__Saved entries__

lemma Words_upto_subset_Words: "Words_upto m n \<subseteq> Words m"
  unfolding Words_upto_def Words_def by auto

lemma infsum_Words_eq_sum_Words_upto:
  assumes "\<And>w. f w \<noteq> 0 \<Longrightarrow> length w \<le> n"
  shows "infsum f (Words m) = (\<Sum>w\<in>Words_upto m n. f w)"
proof -
  have "infsum f (Words m) = infsum f (Words_upto m n)"
    by (rule infsum_cong_neutral)
       (use assms Words_upto_subset_Words in \<open>auto simp: Words_upto_def Words_def\<close>)
  then show ?thesis
    using finite_Words_upto by simp
qed

lemma has_vector_derivative_of_real_mult:
  "((\<lambda>t. of_real t * c) has_vector_derivative (c::'a::real_normed_field)) (at x within S)"
proof -
  have "(of_real has_vector_derivative (1::'a)) (at x within S)"
    using has_vector_derivative_of_real[OF DERIV_ident] by simp
  then show ?thesis
    using has_vector_derivative_mult_left by fastforce
qed

lemma pre_Nil [simp]: "pre x s [] = 0"
  by (simp add: pre_def)

lemma pre_Cons [simp]: "pre x s (y # u) = (if y = x then s u else 0)"
  by (simp add: pre_def)

lemma wsh_nonzero_length: "wsh u v w \<noteq> 0 \<Longrightarrow> length w = length u + length v"
proof (induction u v arbitrary: w rule: wsh.induct)
  case (1 v)
  then show ?case by (simp add: word_ser_def split: if_splits)
next
  case (2 a u)
  then show ?case by (simp add: word_ser_def split: if_splits)
next
  case (3 a u b v)
  show ?case
  proof (cases w)
    case Nil
    then show ?thesis using "3.prems" by simp
  next
    case (Cons y w')
    then have "wsh u (b # v) w' \<noteq> 0 \<or> wsh (a # u) v w' \<noteq> 0"
      using "3.prems" by (auto split: if_splits)
    then show ?thesis using "3.IH" Cons by fastforce
  qed
qed

lemma wsh_commute: "wsh u v = wsh v u"
proof (induction u v rule: wsh.induct)
  case (1 v)
  then show ?case by (cases v) auto
next
  case (2 a u)
  then show ?case by simp
next
  case (3 a u b v)
  then have "wsh (a # u) (b # v) = (\<lambda>w. pre a (wsh (b # v) u) w + pre b (wsh v (a # u)) w)"
    by simp
  then show ?case by (simp add: fun_eq_iff add.commute)
qed
(* Consider the weighted stochastic block model: there are $r$ latent communities labelled $1,\ldots,r$; each node $i$ is independently assigned a latent community $Z_i$ with $\mathbb{P}(Z_i=z)=p_z>0$ for $z=1,\ldots,r$ (so $\boldsymbol{p}=(p_1,\ldots,p_r)'$ sums to one); each unordered pair of distinct nodes $i\neq j$ carries a real-valued edge weight $X_{i,j}=X_{j,i}$, where, conditional on the community indicators, the edge weights are independent and $X_{i,j}$ has distribution function $F_{z_1,z_2}(x)=\mathbb{P}(X_{i,j}\le x\mid Z_i=z_1,Z_j=z_2)$. Let $F_z(x):=\mathbb{P}(X_{i,j}\le x\mid Z_i=z)=\sum_{z'=1}^r F_{z,z'}(x)\,p_{z'}$. Suppose that the functions $F_1,\ldots,F_r$ are linearly independent. Then: (i) The number of communities $r$ is nonparametrically recoverable (uniquely determined) from the joint distribution of the edge weights $(X_{1,2},X_{1,3})$ of a two-star subgraph on three distinct nodes $1,2,3$ (edges $\{1,2\},\{1,3\}$). (ii) The community distribution $\boldsymbol{p}$, as well as, for a given function $\varphi$, the conditional expectations $$\varphi_{z_1,z_2}:=\mathbb{E}(\varphi(X_{i,j})\mid Z_i=z_1,Z_j=z_2),\qquad 1\le z_1,z_2\le r,$$ are nonparametrically recoverable (uniquely determined up to a common relabeling of the latent communities) from the joint distribution of the edge weights $(X_{1,2},X_{1,3},X_{1,4})$ of a three-star subgraph on four distinct nodes and the joint distribution of the edge weights $(X_{1,2},X_{1,3},X_{3,4})$ of a path subgraph on four distinct nodes $1,2,3,4$.
   Context: "Nonparametrically recoverable" means that the quantity is uniquely determined by the indicated distribution of observed edge weights, without any parametric restrictions on the distributions $F_{z_1,z_2}$, among all weighted stochastic block models satisfying the stated assumptions; "up to relabeling" means up to a single permutation of the community labels $1,\ldots,r$ applied simultaneously to all components. *)

theory Defs
  imports "HOL-Probability.Probability"
begin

__What this task involves__
Show, from the entries above, every line that includes the string "community".

__Answer to the problem__
(* Consider the weighted stochastic block model: there are $r$ latent communities labelled $1,\ldots,r$; each node $i$ is independently assigned a latent community $Z_i$ with $\mathbb{P}(Z_i=z)=p_z>0$ for $z=1,\ldots,r$ (so $\boldsymbol{p}=(p_1,\ldots,p_r)'$ sums to one); each unordered pair of distinct nodes $i\neq j$ carries a real-valued edge weight $X_{i,j}=X_{j,i}$, where, conditional on the community indicators, the edge weights are independent and $X_{i,j}$ has distribution function $F_{z_1,z_2}(x)=\mathbb{P}(X_{i,j}\le x\mid Z_i=z_1,Z_j=z_2)$. Let $F_z(x):=\mathbb{P}(X_{i,j}\le x\mid Z_i=z)=\sum_{z'=1}^r F_{z,z'}(x)\,p_{z'}$. Suppose that the functions $F_1,\ldots,F_r$ are linearly independent. Then: (i) The number of communities $r$ is nonparametrically recoverable (uniquely determined) from the joint distribution of the edge weights $(X_{1,2},X_{1,3})$ of a two-star subgraph on three distinct nodes $1,2,3$ (edges $\{1,2\},\{1,3\}$). (ii) The community distribution $\boldsymbol{p}$, as well as, for a given function $\varphi$, the conditional expectations $$\varphi_{z_1,z_2}:=\mathbb{E}(\varphi(X_{i,j})\mid Z_i=z_1,Z_j=z_2),\qquad 1\le z_1,z_2\le r,$$ are nonparametrically recoverable (uniquely determined up to a common relabeling of the latent communities) from the joint distribution of the edge weights $(X_{1,2},X_{1,3},X_{1,4})$ of a three-star subgraph on four distinct nodes and the joint distribution of the edge weights $(X_{1,2},X_{1,3},X_{3,4})$ of a path subgraph on four distinct nodes $1,2,3,4$.
   Context: "Nonparametrically recoverable" means that the quantity is uniquely determined by the indicated distribution of observed edge weights, without any parametric restrictions on the distributions $F_{z_1,z_2}$, among all weighted stochastic block models satisfying the stated assumptions; "up to relabeling" means up to a single permutation of the community labels $1,\ldots,r$ applied simultaneously to all components. *)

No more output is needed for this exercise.